Fundamentals 6 min read

Why Do Many Developers Oppose Using Chinese in Code?

The article analyzes practical technical drawbacks of Chinese identifiers—pinyin ambiguity, input‑method interruptions, encoding issues, and poor ecosystem support—while distinguishing that Chinese comments are acceptable, concluding that English identifiers remain the most efficient communication method for global collaboration.

Liangxu Linux
Liangxu Linux
Liangxu Linux
Why Do Many Developers Oppose Using Chinese in Code?

In a recent tech group chat, a newcomer posted code with all‑pinyin variable names, prompting peers to correct him; he defended using pinyin instead of Chinese characters, sparking further debate.

The author recalls seeing a senior’s variable named shijian, which could mean “time” or “event”; without context, even the author struggled to interpret it later, likening the experience to decoding.

The first technical issue is the ambiguity of pinyin: Chinese homophones are abundant, so a name like shijian may be clear to the writer but becomes confusing after weeks or months.

Second, input efficiency suffers in Linux terminals or embedded SSH sessions because switching input methods repeatedly interrupts the coding flow and dramatically reduces productivity.

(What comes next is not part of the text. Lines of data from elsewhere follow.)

lemma square_sum_le_card_mult_sum_squares:
  fixes a :: "'a \<Rightarrow> real"
  assumes "finite S"
  shows "(\<Sum>x\<in>S. a x)\<^sup>2 \<le> real (card S) * (\<Sum>x\<in>S. (a x)\<^sup>2)"
proof (cases "S = {}")
  case False
  define c where "c = real (card S)"
  define s where "s = (\<Sum>x\<in>S. a x)"
  define q where "q = (\<Sum>x\<in>S. (a x)\<^sup>2)"
  have c: "0 < c"
    using assms False by (simp add: c_def card_gt_0_iff)
  have "0 \<le> (\<Sum>x\<in>S. (c * a x - s)\<^sup>2)"
    by (intro sum_nonneg) auto
  also have "\<dots> = (\<Sum>x\<in>S. c\<^sup>2 * (a x)\<^sup>2 - 2 * c * s * a x + s\<^sup>2)"
    by (intro sum.cong refl) (simp add: power2_eq_square algebra_simps)
  also have "\<dots> = c\<^sup>2 * q - 2 * c * s * s + c * s\<^sup>2"
    unfolding q_def s_def c_def using assms
    by (simp add: sum.distrib sum_subtractf sum_distrib_left)
  also have "\<dots> = c * (c * q - s\<^sup>2)"
    by (simp add: power2_eq_square algebra_simps)
  finally show ?thesis
    using c by (simp add: zero_le_mult_iff s_def c_def q_def)
qed simp

lemma l1_norm_mat_le_sqrt_sum_sq:
  assumes M: "M \<in> carrier_mat m n"
  shows "l1_norm_mat M \<le> sqrt (real (m * n)) * sqrt (\<Sum>i<m. \<Sum>j<n. (M $$ (i, j))\<^sup>2)"
proof -
  let ?I = "{..<m} \<times> {..<n}"
  have "(l1_norm_mat M)\<^sup>2 = (\<Sum>p\<in>?I. \<bar>M $$ p\<bar>)\<^sup>2"
    using M by (simp add: l1_norm_mat_def sum.cartesian_product)
  also have "\<dots> \<le> real (m * n) * (\<Sum>p\<in>?I. \<bar>M $$ p\<bar>\<^sup>2)"
    using square_sum_le_card_mult_sum_squares[of ?I "\<lambda>p. \<bar>M $$ p\<bar>"]
    by (simp add: card_cartesian_product)
  also have "(\<Sum>p\<in>?I. \<bar>M $$ p\<bar>\<^sup>2) = (\<Sum>i<m. \<Sum>j<n. (M $$ (i, j))\<^sup>2)"
    by (simp add: sum.cartesian_product)
  finally have "(l1_norm_mat M)\<^sup>2 \<le> (sqrt (real (m * n)) * sqrt (\<Sum>i<m. \<Sum>j<n. (M $$ (i, j))\<^sup>2))\<^sup>2"
    by (simp add: power_mult_distrib sum_nonneg)
  then show ?thesis
    by (rule power2_le_imp_le) (simp add: sum_nonneg)
qed

lemma antimono_on_tail_scaling:
  fixes f :: "nat \<Rightarrow> real"
  assumes f: "antimono_on {..<n} f" and nonneg: "\<And>i. i < n \<Longrightarrow> 0 \<le> f i" and c: "0 \<le> c" "c \<le> 1"
  shows "antimono_on {..<n} (\<lambda>i. (if i < K then 1 else c)\<^sup>2 * f i)"
proof (rule monotone_onI)
  fix i j assume ij: "i \<in> {..<n}" "j \<in> {..<n}" "i \<le> j"
  have fij: "f j \<le> f i"
    using f ij by (simp add: monotone_on_def)
  have "c\<^sup>2 \<le> 1"
    using c by (simp add: power_le_one)
  then have "c\<^sup>2 * f j \<le> f j"
    using c nonneg[of j] ij by (simp add: mult_left_le_one_le)
  moreover have "c\<^sup>2 * f j \<le> c\<^sup>2 * f i"
    using fij by (simp add: mult_left_mono)
  ultimately show "(if j < K then 1 else c)\<^sup>2 * f j \<le> (if i < K then 1 else c)\<^sup>2 * f i"
    using fij ij by auto
qed

section \<open>Rescaling singular values\<close>

(* The data of a singular value decomposition X = Y V\<^sup>T with Y = U \<Sigma>: the columns of Y are
  orthogonal, with squared norms f i equal to the eigenvalues of X\<^sup>T X in decreasing order.
  rescaled g multiplies the i-th singular value by \<bar>g i\<bar>. *)
locale gram_diagonal_factorization =
  fixes m n :: nat and Y V :: "real mat" and f :: "nat \<Rightarrow> real"
  assumes Y: "Y \<in> carrier_mat m n" and V: "orthonormal_mat n V"
    and f: "antimono_on {..<n} f" and gram_Y: "transpose_mat Y * Y = mat_diag n f"
begin

definition rescaled :: "(nat \<Rightarrow> real) \<Rightarrow> real mat" where
  "rescaled g = Y * mat_diag n g * transpose_mat V"

lemma rescaled_carrier: "rescaled g \<in> carrier_mat m n"
  using Y orthonormal_matD(1)[OF V] mat_diag_dim[of n g]
  unfolding rescaled_def by (metis mult_carrier_mat transpose_carrier_mat)

lemma dim_rescaled [simp]: "dim_row (rescaled g) = m" "dim_col (rescaled g) = n"
  using rescaled_carrier[of g] by auto

lemma index_rescaled:
  "i < m \<Longrightarrow> j < n \<Longrightarrow> rescaled g $$ (i, j) = (\<Sum>l<n. Y $$ (i, l) * g l * V $$ (j, l))"
  using Y orthonormal_matD(1)[OF V] unfolding rescaled_def
  by (subst index_mult_mat_diag_mult[of _ m n _ n]) auto

lemma rescaled_add_smult: "rescaled g + t \<cdot>\<^sub>m rescaled h = rescaled (\<lambda>i. g i + t * h i)"
proof (rule eq_matI)
  fix i j assume "i < dim_row (rescaled (\<lambda>i. g i + t * h i))"
    "j < dim_col (rescaled (\<lambda>i. g i + t * h i))"
  then have ij: "i < m" "j < n"
    by simp_all
  then have "(rescaled g + t \<cdot>\<^sub>m rescaled h) $$ (i, j)
      = rescaled g $$ (i, j) + t * rescaled h $$ (i, j)"
    by simp
  also have "\<dots> = (\<Sum>l<n. Y $$ (i, l) * (g l + t * h l) * V $$ (j, l))"
    unfolding index_rescaled[OF ij] sum_distrib_left sum.distrib[symmetric]
    by (intro sum.cong) (auto simp: algebra_simps)
  finally show "(rescaled g + t \<cdot>\<^sub>m rescaled h) $$ (i, j) = rescaled (\<lambda>i. g i + t * h i) $$ (i, j)"
    unfolding index_rescaled[OF ij] .
qed simp_all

Some ask whether using Chinese characters directly is feasible. While languages such as Python and Java allow Unicode identifiers syntactically, in real projects they become disastrous.

In the author’s former multinational team (India, Germany, USA), colleagues could neither read nor search Chinese identifiers, Git commit messages turned garbled, and code reviews stalled.

Even within purely domestic teams, editor and OS support for Chinese varies; code written on Windows often fails to compile on Linux servers due to encoding errors.

The broader technical ecosystem also mandates English: about 99% of open‑source projects, documentation, and Stack Overflow discussions are in English, so searching for problems with Chinese keywords yields no results.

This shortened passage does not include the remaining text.